Do the same Trimming for the 3’ end.

Select the option in the Post Fix portion of the window to remove leading and trailing ambiguous bases.

• Click OK in the Ends Trimming Criteria window.
• Click on the Trim Checked Items button.
• When you are asked to confirm your decision, click Trim.
• Close the Ends Trimming window to return to the Project window.

You are now ready to view the data in an assembly.

• Select all 9 items in the Project window. (They should be selected already.)
• Click on the Assemble Automatically button at the top of the Project window. When the assembly completes, click Close.
• Double-click on the Contig icon to see the Overview of the sequence assembly.
• Click on the Bases button to see the aligned sequences.
• From the Select menu, choose Next Contig Disagree to find the first discrepancy between the overlapping fragments.

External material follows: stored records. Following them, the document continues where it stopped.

lemma tright_equiv:
  assumes "tens_equiv M R N s t" "\<And>y. y \<in> N \<Longrightarrow> y * a \<in> N"
  shows "tens_equiv M R N (tright s a) (tright t a)"
proof -
  have "s - t \<in> addspan (tgen M R N)"
    using assms(1) by (simp add: tens_equiv_def trel_def)
  then have "tright (s - t) a \<in> addspan (tgen M R N)"
  proof induction
    case (addspan_base u)
    then have "tright u a \<in> tgen M R N"
    proof (cases rule: tgen_cases)
      case (add_left x x' y)
      then show ?thesis
        using tgen_add_leftI[of x M x' "y * a"] by (simp add: tright_diff assms(2))
    next
      case (add_right x y y')
      then show ?thesis
        using tgen_add_rightI[of x M "y * a" N "y' * a"] by (simp add: tright_diff assms(2) distrib_right)
    next
      case (balanced x r y)
      then show ?thesis
        using tgen_balancedI[of x M r R "y * a"] by (simp add: tright_diff assms(2) mult.assoc)
    qed
    then show ?case
      by (rule addspan.addspan_base)
  next
    case (addspan_neg u)
    then show ?case
      using addspan.addspan_neg tright_diff[of 0 u a] by simp
  qed (simp_all add: tright_add addspan.intros)
  then show ?thesis
    by (simp add: tens_equiv_def trel_def tright_diff)
qed

lemma wedgeT_zero [simp]: "wedgeT 0 = 0"
  by (simp add: wedgeT_def)

lemma wedgeT_tens [simp]: "wedgeT (tens x y) = x * y"
  by (simp add: wedgeT_def)

lemma wedgeT_add: "wedgeT (s + t) = wedgeT s + wedgeT t"
  by (simp add: wedgeT_def tlift_add)

lemma wedgeT_diff: "wedgeT (s - t) = wedgeT s - wedgeT t"
  by (simp add: wedgeT_def tlift_diff)

lemma wedgeT_equiv: "tens_equiv M R N s t \<Longrightarrow> wedgeT s = wedgeT t"
  unfolding wedgeT_def by (rule tlift_trel) (simp_all add: distrib_left distrib_right mult.assoc)

lemma wedgeT_tright: "wedgeT (tright t a) = wedgeT t * a"
proof -
  have "t \<in> tfree UNIV UNIV"
    by (simp add: tfree_def)
  then show ?thesis
    by (induction rule: tfree_induct) (simp_all add: wedgeT_def tright_diff tlift_diff mult.assoc left_diff_distrib)
qed

section \<open>Sums of tensors with central legs\<close>

definition map_coeff :: "('w \<Rightarrow> 'w) \<Rightarrow> ('w \<times> 'w \<times> 'w) list \<Rightarrow> ('w \<times> 'w \<times> 'w) list" where
  "map_coeff h xs = map (\<lambda>(z, z', e). (z, z', h e)) xs"

text \<open>A triple \<open>(z, z', e)\<close> encodes the tensor \<open>z \<otimes> z' e\<close>.\<close>

definition tens_list :: "('w::ring \<times> 'w \<times> 'w) list \<Rightarrow> 'w frtens" where
  "tens_list xs = (\<Sum>(z, z', e)\<leftarrow>xs. tens z (z' * e))"

definition alt_tens_list :: "('w::ring \<times> 'w \<times> 'w) list \<Rightarrow> 'w frtens" where
  "alt_tens_list xs = (\<Sum>(z, z', e)\<leftarrow>xs. tens z (z' * e) - tens z' (z * e))"

lemma map_coeff_simps [simp]:
  "map_coeff h [] = []"
  "map_coeff h ((z, z', e) # xs) = (z, z', h e) # map_coeff h xs"
  "map_coeff h (xs @ ys) = map_coeff h xs @ map_coeff h ys"
  by (simp_all add: map_coeff_def)

lemma tens_list_simps [simp]:
  "tens_list [] = 0"
  "tens_list ((z, z', e) # xs) = tens z (z' * e) + tens_list xs"
  "tens_list (xs @ ys) = tens_list xs + tens_list ys"
  by (simp_all add: tens_list_def)

lemma alt_tens_list_simps [simp]:
  "alt_tens_list [] = 0"
  "alt_tens_list ((z, z', e) # xs) = (tens z (z' * e) - tens z' (z * e)) + alt_tens_list xs"
  by (simp_all add: alt_tens_list_def)

lemma set_map_coeff_subset:
  "set xs \<subseteq> Z \<times> Z \<times> K \<Longrightarrow> (\<And>e. e \<in> K \<Longrightarrow> h e \<in> K) \<Longrightarrow> set (map_coeff h xs) \<subseteq> Z \<times> Z \<times> K"
  by (auto simp: map_coeff_def)

lemma tlift_alt_tens_list_commutator:
  assumes "set xs \<subseteq> Z \<times> Z \<times> K" "\<And>e. e \<in> K \<Longrightarrow> a * e - e * a \<in> K"
    and "\<And>z z' e. z \<in> Z \<Longrightarrow> z' \<in> Z \<Longrightarrow> e \<in> K \<Longrightarrow> f z (z' * e) = f z z' * e"
    and "\<And>z z'. z \<in> Z \<Longrightarrow> z' \<in> Z \<Longrightarrow> a * f z z' = f z z' * a"
  shows "tlift f (alt_tens_list (map_coeff (\<lambda>e. a * e - e * a) xs))
    = a * tlift f (alt_tens_list xs) - tlift f (alt_tens_list xs) * a"
  using assms(1)
proof (induction xs)
  case (Cons x xs)
  obtain z z' e where x: "x = (z, z', e)" and z: "z \<in> Z" "z' \<in> Z" and e: "e \<in> K"
    using Cons.prems by (cases x) auto
  let ?c = "f z z' - f z' z" and ?T = "tlift f (alt_tens_list xs)"
  have "a * ?c = ?c * a"
    using assms(4)[OF z] assms(4)[OF z(2,1)] by (simp add: algebra_simps)
  then have commute: "a * (?c * e) = ?c * (a * e)"
    by (metis mult.assoc)
  have "tlift f (alt_tens_list (map_coeff (\<lambda>e. a * e - e * a) (x # xs)))
      = ?c * (a * e - e * a) + tlift f (alt_tens_list (map_coeff (\<lambda>e. a * e - e * a) xs))"
    using z e by (simp add: x tlift_add tlift_diff assms(2,3) left_diff_distrib)
  also have "\<dots> = ?c * (a * e - e * a) + (a * ?T - ?T * a)"
    using Cons by simp
  also have "\<dots> = a * (?c * e + ?T) - (?c * e + ?T) * a"
    using commute by (simp add: algebra_simps)
  also have "?c * e + ?T = tlift f (alt_tens_list (x # xs))"
    using z e by (simp add: x tlift_add tlift_diff assms(3) left_diff_distrib)
  finally show ?case .
qed simp

lemma centre_ofD: "m \<in> centre_of M A \<Longrightarrow> m \<in> M" "m \<in> centre_of M A \<Longrightarrow> a \<in> A \<Longrightarrow> a * m = m * a"
  by (simp_all add: centre_of_def)

lemma centre_ofI: "m \<in> M \<Longrightarrow> (\<And>a. a \<in> A \<Longrightarrow> a * m = m * a) \<Longrightarrow> m \<in> centre_of M A"
  by (simp add: centre_of_def)

section \<open>The calculus and its central one-forms\<close>

declare One_nat_def [simp del] \<comment> \<open>keep \<open>Om 1\<close> from turning into \<open>Om (Suc 0)\<close>\<close>

locale calculus =
  fixes Om :: "nat \<Rightarrow> 'w::ring_1 set" and d :: "'w \<Rightarrow> 'w" and c :: "complex \<Rightarrow> 'w"
  assumes diff_calculus: "diff_calculus Om d c"
begin

abbreviation ZA :: "'w set" where "ZA \<equiv> centre_of (Om 0) (Om 0)"
abbreviation ZE :: "'w set" where "ZE \<equiv> centre_of (Om 1) (Om 0)"
abbreviation TE :: "'w frtens set" where "TE \<equiv> tfree (Om 1) (Om 1)"
abbreviation tequiv :: "'w frtens \<Rightarrow> 'w frtens \<Rightarrow> bool" (infix "\<approx>" 50)
  where "s \<approx> t \<equiv> tens_equiv (Om 1) (Om 0) (Om 1) s t"

lemma calculus_rules:
  "\<forall>j. 0 \<in> Om j \<and> (\<forall>x\<in>Om j. \<forall>y\<in>Om j. x + y \<in> Om j \<and> - x \<in> Om j)"
  "\<forall>i j. \<forall>x\<in>Om i. \<forall>y\<in>Om j. x * y \<in> Om (i + j)"
  "\<forall>j. \<forall>x\<in>Om j. d x \<in> Om (Suc j)"
  "\<forall>i. \<forall>x\<in>Om i. \<forall>y. d (x * y) = d x * y + (-1) ^ i * x * d y"
  "\<forall>z w. c (z + w) = c z + c w" "c 1 = 1"
  using diff_calculus unfolding diff_calculus_def by - (elim conjE; assumption)+

lemma Om_zero: "0 \<in> Om j"
  using calculus_rules(1) by blast

lemma Om_add: "x \<in> Om j \<Longrightarrow> y \<in> Om j \<Longrightarrow> x + y \<in> Om j"
  using calculus_rules(1) by blast

lemma Om_uminus: "x \<in> Om j \<Longrightarrow> - x \<in> Om j"
  using calculus_rules(1) by blast

lemma Om_diff: "x \<in> Om j \<Longrightarrow> y \<in> Om j \<Longrightarrow> x - y \<in> Om j"
  using Om_add[OF _ Om_uminus, of x j y] by simp

lemma Om_mult: "x \<in> Om i \<Longrightarrow> y \<in> Om j \<Longrightarrow> x * y \<in> Om (i + j)"
  using calculus_rules(2) by blast

lemma Om0_mult_Om0: "a \<in> Om 0 \<Longrightarrow> b \<in> Om 0 \<Longrightarrow> a * b \<in> Om 0"
  using Om_mult[of a 0 b 0] by simp
text \<open>Distance from s to v: the least cost of an s-v path, counting v itself.
  Unreachable vertices get a value making them irrelevant for thresholds below 1.\<close>
definition wdist :: "'a \<Rightarrow> 'a \<Rightarrow> real" where
  "wdist s v = (if paths_between G s v \<noteq> {}
     then Min (path_cost T d ` paths_between G s v) else d v + 1)"

lemma wdist_le:
  assumes "walk G W" "hd W = s" "last W = v"
  shows "wdist s v \<le> path_cost T d W"
proof -
  obtain P where P: "Defs.simple_path G P" "hd P = s" "last P = v" "set P \<subseteq> set W"
    using walk_to_path[OF assms(1)] assms by auto
  then have Pin: "P \<in> paths_between G s v" by (simp add: paths_between_def)
  then have "wdist s v \<le> path_cost T d P" using finite_paths_between by (auto simp: wdist_def)
  also have "\<dots> \<le> path_cost T d W" using path_cost_mono[OF P(4) walk_set[OF assms(1)]] .
  finally show ?thesis .
qed

lemma wdist_attained:
  assumes "walk G W" "hd W = s" "last W = v"
  shows "\<exists>P. Defs.simple_path G P \<and> hd P = s \<and> last P = v \<and> path_cost T d P = wdist s v"
proof -
  have ne: "paths_between G s v \<noteq> {}"
    using walk_to_path[OF assms(1)] assms by (auto simp: paths_between_def)
  then have "wdist s v \<in> path_cost T d ` paths_between G s v"
    using finite_paths_between by (simp add: wdist_def)
  then show ?thesis by (auto simp: paths_between_def)
qed

lemma wdist_nonneg:
  assumes "v \<in> fst G - T"
  shows "0 \<le> wdist s v"
proof (cases "paths_between G s v = {}")
  case False
  then obtain P0 where "Defs.simple_path G P0" "hd P0 = s" "last P0 = v"
    by (auto simp: paths_between_def)
  then obtain P where P: "Defs.simple_path G P" "hd P = s" "last P = v" "path_cost T d P = wdist s v"
    using wdist_attained[of P0 s v] by (auto simp: simple_path_iff)
  then show ?thesis using path_cost_mono[of "[]" P] by (simp add: path_cost_def Defs.simple_path_def)
qed (use d_nonneg[OF assms] in \<open>simp add: wdist_def\<close>)

lemma wdist_step:
  assumes W: "walk G W" "hd W = s" "last W = x" and xy: "adj G x y" and y: "y \<in> fst G - T"
  shows "wdist s y \<le> wdist s x + d y"
proof -
  obtain P where P: "Defs.simple_path G P" "hd P = s" "last P = x" "path_cost T d P = wdist s x"
    using wdist_attained[OF W] by blast
  have wP: "walk G P" and Pne: "P \<noteq> []" using P(1) by (auto simp: simple_path_iff Defs.simple_path_def)
  have "walk G (P @ [y])" using wP y xy P(3) by (intro walk_append) auto
  then have "wdist s y \<le> path_cost T d (P @ [y])" using wdist_le P(2) Pne by simp
  also have "\<dots> \<le> path_cost T d P + d y"
    unfolding path_cost_def using y d_nonneg[OF y] by (simp add: insert_Diff_if sum.insert_if)
  finally show ?thesis using P(4) by simp
qed

lemma wdist_adjacent:
  assumes "s \<in> T" "s \<in> fst G" "adj G s y" "y \<in> fst G - T"
  shows "wdist s y \<le> d y"
proof -
  have "walk G [s, y]" using assms by simp
  then have "wdist s y \<le> path_cost T d [s, y]" using wdist_le by simp
  also have "\<dots> = d y" using assms by (simp add: path_cost_def insert_Diff_if)
  finally show ?thesis .
qed

text \<open>Gluing shortest s-v and t-v paths gives an s-t walk, which has cost at least 1;
  the vertex v is counted twice.\<close>
lemma wdist_pair:
  assumes s: "s \<in> T" and t: "t \<in> T" and st: "s \<noteq> t" and v: "v \<in> fst G - T"
  shows "1 \<le> wdist s v + wdist t v - d v"
proof (cases "paths_between G s v = {} \<or> paths_between G t v = {}")
  case True
  then have "wdist s v = d v + 1 \<or> wdist t v = d v + 1" by (auto simp: wdist_def)
  then show ?thesis using wdist_nonneg[OF v, of s] wdist_nonneg[OF v, of t] by linarith
next
  case False
  then obtain P1 P2 where "Defs.simple_path G P1" "hd P1 = s" "last P1 = v"
    and "Defs.simple_path G P2" "hd P2 = t" "last P2 = v" by (auto simp: paths_between_def)
  then obtain Q1 Q2 where Q1: "Defs.simple_path G Q1" "hd Q1 = s" "last Q1 = v" "path_cost T d Q1 = wdist s v"
    and Q2: "Defs.simple_path G Q2" "hd Q2 = t" "last Q2 = v" "path_cost T d Q2 = wdist t v"
    using wdist_attained[of P1 s v] wdist_attained[of P2 t v] by (auto simp: simple_path_iff)
  have w1: "walk G Q1" and w2: "walk G Q2" and ne: "Q1 \<noteq> []" "Q2 \<noteq> []"
    using Q1 Q2 by (auto simp: simple_path_iff Defs.simple_path_def)
  have W: "walk G (Q1 @ rev Q2)"
    using w1 walk_rev[OF w2] Q1(3) Q2(3) ne(2) by (intro walk_append) (auto simp: hd_rev)
  obtain P where P: "P \<in> term_paths G T" "set P \<subseteq> set (Q1 @ rev Q2)"
    using walk_contains_term_path[OF W, of T] s t st Q1(2) Q2(2) ne by (auto simp: last_rev)
  have v12: "v \<in> (set Q1 - T) \<inter> (set Q2 - T)" using Q1(3) Q2(3) ne v last_in_set by fastforce
  have fin12: "finite ((set Q1 - T) \<inter> (set Q2 - T))" by simp
  have "1 \<le> path_cost T d P" using feas P(1) by (simp add: lp_feasible_def path_cost_def)
  also have "\<dots> \<le> sum d ((set Q1 - T) \<union> (set Q2 - T))"
    unfolding path_cost_def by (rule sum_mono2) (use P(2) walk_set[OF W] d_nonneg in auto)
  also have "\<dots> = path_cost T d Q1 + path_cost T d Q2 - sum d ((set Q1 - T) \<inter> (set Q2 - T))"
    using sum.union_inter[of "set Q1 - T" "set Q2 - T" d] unfolding path_cost_def by simp
  also have "\<dots> \<le> path_cost T d Q1 + path_cost T d Q2 - d v"
    using member_le_sum[OF v12, of d] fin12 walk_set[OF w1] d_nonneg by force
  finally show ?thesis using Q1(4) Q2(4) by simp
qed

end

context lp_rounding
begin

text \<open>v lies on the boundary of the ball of radius \<theta> around s: the ball is entered
  while passing through v.\<close>
definition on_boundary :: "'a \<Rightarrow> 'a \<Rightarrow> real \<Rightarrow> bool" where
  "on_boundary s v \<theta> \<longleftrightarrow> wdist s v - d v \<le> \<theta> \<and> \<theta> < wdist s v"
lemma codegree_cliques_ge_pullback:
  assumes "bij_betw f V' V" "codegree_cliques_ge V E k c"
  shows "codegree_cliques_ge V' (pullback V' f E) k c"
  unfolding codegree_cliques_ge_def
proof (intro ballI impI)
  fix u v assume uv: "u \<in> V'" "v \<in> V'" "u \<noteq> v \<and> \<not> pullback V' f E u v"
  let ?E' = "pullback V' f E"
  have inj: "inj_on f V'"
    using assms(1) by (simp add: bij_betw_def)
  have "f u \<in> V" "f v \<in> V" "f u \<noteq> f v" "\<not> E (f u) (f v)"
    using uv assms(1) inj by (auto simp: bij_betw_def pullback_def inj_on_def)
  then have "c \<le> real (num_Kk E (nbhd V E (f u) \<inter> nbhd V E (f v)) k)"
    using assms(2) by (simp add: codegree_cliques_ge_def)
  also have "nbhd V E (f u) \<inter> nbhd V E (f v) = f ` (nbhd V' ?E' u \<inter> nbhd V' ?E' v)"
    using nbhd_pullback[OF assms(1)] uv inj
    by (simp add: inj_on_image_Int nbhd_def)
  also have "num_Kk E \<dots> k = num_Kk ?E' (nbhd V' ?E' u \<inter> nbhd V' ?E' v) k"
    using inj by (intro num_Kk_pullback[symmetric]) (auto simp: nbhd_def)
  finally show "c \<le> real (num_Kk ?E' (nbhd V' ?E' u \<inter> nbhd V' ?E' v) k)" .
qed

lemma graph_hom_pullback:
  assumes "sgraph V E" "bij_betw f V' V" "graph_hom V' (pullback V' f E) W F \<phi>"
  shows "graph_hom V E W F (\<phi> \<circ> inv_into V' f)"
proof -
  have "pullback V' f E (inv_into V' f x) (inv_into V' f y)" if "E x y" for x y
    using that assms(1,2) by (auto simp: pullback_def sgraph_def bij_betw_inv_into_right
        bij_betw_def inv_into_into)
  then show ?thesis
    using assms(2,3) by (auto simp: graph_hom_def bij_betw_def inv_into_into)
qed

lemma no_small_Kr_free_hom_image_pullback:
  assumes "sgraph V E" "bij_betw f V' V" "no_small_Kr_free_hom_image V E r \<beta>"
  shows "no_small_Kr_free_hom_image V' (pullback V' f E) r \<beta>"
  using assms graph_hom_pullback[OF assms(1,2)]
  unfolding no_small_Kr_free_hom_image_def by blast

lemma relabel_to_nat_interval:
  assumes "sgraph V E" "Kr_free V E r" "codegree_cliques_ge V E k c"
    "no_small_Kr_free_hom_image V E r \<beta>"
  obtains E' :: "nat \<Rightarrow> nat \<Rightarrow> bool" where "sgraph {0..<card V} E'" "Kr_free {0..<card V} E' r"
    "codegree_cliques_ge {0..<card V} E' k c" "no_small_Kr_free_hom_image {0..<card V} E' r \<beta>"
proof -
  obtain f where f: "bij_betw f {0..<card V} V"
    using assms(1) ex_bij_betw_nat_finite[of V] by (auto simp: sgraph_def)
  show ?thesis
    using that[of "pullback {0..<card V} f E"] assms f
    by (simp add: sgraph_pullback Kr_free_pullback codegree_cliques_ge_pullback
        no_small_Kr_free_hom_image_pullback)
qed

definition complete_on :: "'a set \<Rightarrow> 'a \<Rightarrow> 'a \<Rightarrow> bool" where
  "complete_on V u v \<longleftrightarrow> u \<in> V \<and> v \<in> V \<and> u \<noteq> v"

lemma sgraph_complete_on: "finite V \<Longrightarrow> sgraph V (complete_on V)"
  by (auto simp: sgraph_def complete_on_def)

lemma Kr_free_if_card_less: "finite V \<Longrightarrow> card V < r \<Longrightarrow> Kr_free V E r"
  by (auto simp: Kr_free_def dest: card_mono)

lemma codegree_cliques_ge_complete_on: "codegree_cliques_ge V (complete_on V) k c"
  by (simp add: codegree_cliques_ge_def complete_on_def)

lemma no_small_Kr_free_hom_image_complete_on:
  assumes "finite V"
  shows "no_small_Kr_free_hom_image V (complete_on V) r (card V)"
  unfolding no_small_Kr_free_hom_image_def
proof clarify
  fix W :: "nat set" and F \<phi>
  assume W: "sgraph W F" "real (card W) < real (card V)" "graph_hom V (complete_on V) W F \<phi>"
  have "inj_on \<phi> V"
    using W(1,3) unfolding inj_on_def graph_hom_def sgraph_def complete_on_def by metis
  moreover have "\<phi> ` V \<subseteq> W" "finite W"
    using W(1,3) by (auto simp: graph_hom_def sgraph_def)
  ultimately have "card V \<le> card W"
    using card_inj_on_le by blast
  with W(2) show False
    by simp
qed

lemma exists_dense_rigid_Kr_free_graph_edge:
  assumes "3 \<le> r"
  shows "exists_dense_rigid_Kr_free_graph r \<epsilon> 2"
proof -
  let ?K2 = "complete_on {0..<2::nat}"
  have "Kr_free {0..<2} ?K2 r"
    using assms by (intro Kr_free_if_card_less) auto
  then show ?thesis
    unfolding exists_dense_rigid_Kr_free_graph_def
    using sgraph_complete_on codegree_cliques_ge_complete_on
      no_small_Kr_free_hom_image_complete_on[of "{0..<2::nat}"]
    by (intro exI[of _ 2] conjI exI[of _ ?K2]) auto
qed

section \<open>The construction\<close>

text \<open>\<open>Cube x\<close> for \<open>x \<in> cube\<close> is a vertex of the cube, \<open>Lit i b m\<close> the \<open>m\<close>-th vertex of the
  block of \<open>(i, b)\<close>, \<open>Hub m\<close> a hub and \<open>Part j m\<close> the \<open>m\<close>-th vertex of the \<open>j\<close>-th part;
  which of them are actually vertices is decided by \<open>GV\<close> below.\<close>

datatype vtx = Cube "nat \<Rightarrow> bool" | Lit nat bool nat | Hub nat | Part nat nat

fun adj :: "vtx \<Rightarrow> vtx \<Rightarrow> bool" where
  "adj (Cube x) (Lit i b _) \<longleftrightarrow> x i = b"
| "adj (Lit i b _) (Cube x) \<longleftrightarrow> x i = b"
| "adj (Cube _) (Hub _) \<longleftrightarrow> True"
| "adj (Hub _) (Cube _) \<longleftrightarrow> True"
| "adj (Lit i b _) (Lit j c _) \<longleftrightarrow> i = j \<and> b \<noteq> c"
| "adj (Part j _) (Part j' _) \<longleftrightarrow> j \<noteq> j'"
| "adj (Part _ _) _ \<longleftrightarrow> True"
| "adj _ (Part _ _) \<longleftrightarrow> True"
| "adj _ _ \<longleftrightarrow> False"

fun is_Part :: "vtx \<Rightarrow> bool" where
  "is_Part (Part _ _) \<longleftrightarrow> True"
| "is_Part _ \<longleftrightarrow> False"

lemma adj_sym: "adj u v \<longleftrightarrow> adj v u"
  by (cases u; cases v) auto

lemma adj_irrefl: "\<not> adj u u"
  by (cases u) auto

lemma adj_Part: "\<not> is_Part u \<Longrightarrow> adj u (Part j m)"
  by (cases u) auto

lemma not_adj_Part: "\<not> adj (Part j m) w \<Longrightarrow> \<exists>m'. w = Part j m'"
  by (cases w) auto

You are probably looking at base 126 where one, low-quality base call is a ‘T’ but the overlapping fragments all have a medium quality ‘C’ at that position.

• To review the trace data, click the Show Chromatograms button at the top of the window.

All of the trace data have evidence of both the ‘C’ and ‘T’ base. This is a location where there is a heterozygous base, both a ‘C’ and a ’T’, or a ‘Y’. In general, most base callers assign low quality scores to heterozygotes.

• With the consensus base still selected, type a ‘Y’.

Not all bases that require editing will be flagged with a disagreement. For example, mixed bases that may have been called an “N” in a previous base caller will now be called a low quality A, C, G, or T. Also, consensus sequence based on single coverage will never create a disagreement unless you have a Reference Sequence. In order to examine the contig with greater scrutiny, you may want to look at all of the low confidence bases using the Select > Next Low Confidence Base menu command.

The Select > Next Ambiguous Base menu item is also sensitive to the presence of confidence scores. This feature enables you to navigate from one position in the consensus where the base call is ambiguous to the next. Sequencher defines the following as ambiguous consensus bases:

1. Where there is a disagreement between contributing bases
2. Where one of the contributing bases is ambiguous
3. Where there is a gap in the contributing sequence
4. Where the quality of the only sequence(s) contributing to the consensus falls in the low range as defined in User Preferences

• Close the project without saving and exit Sequencher if desired.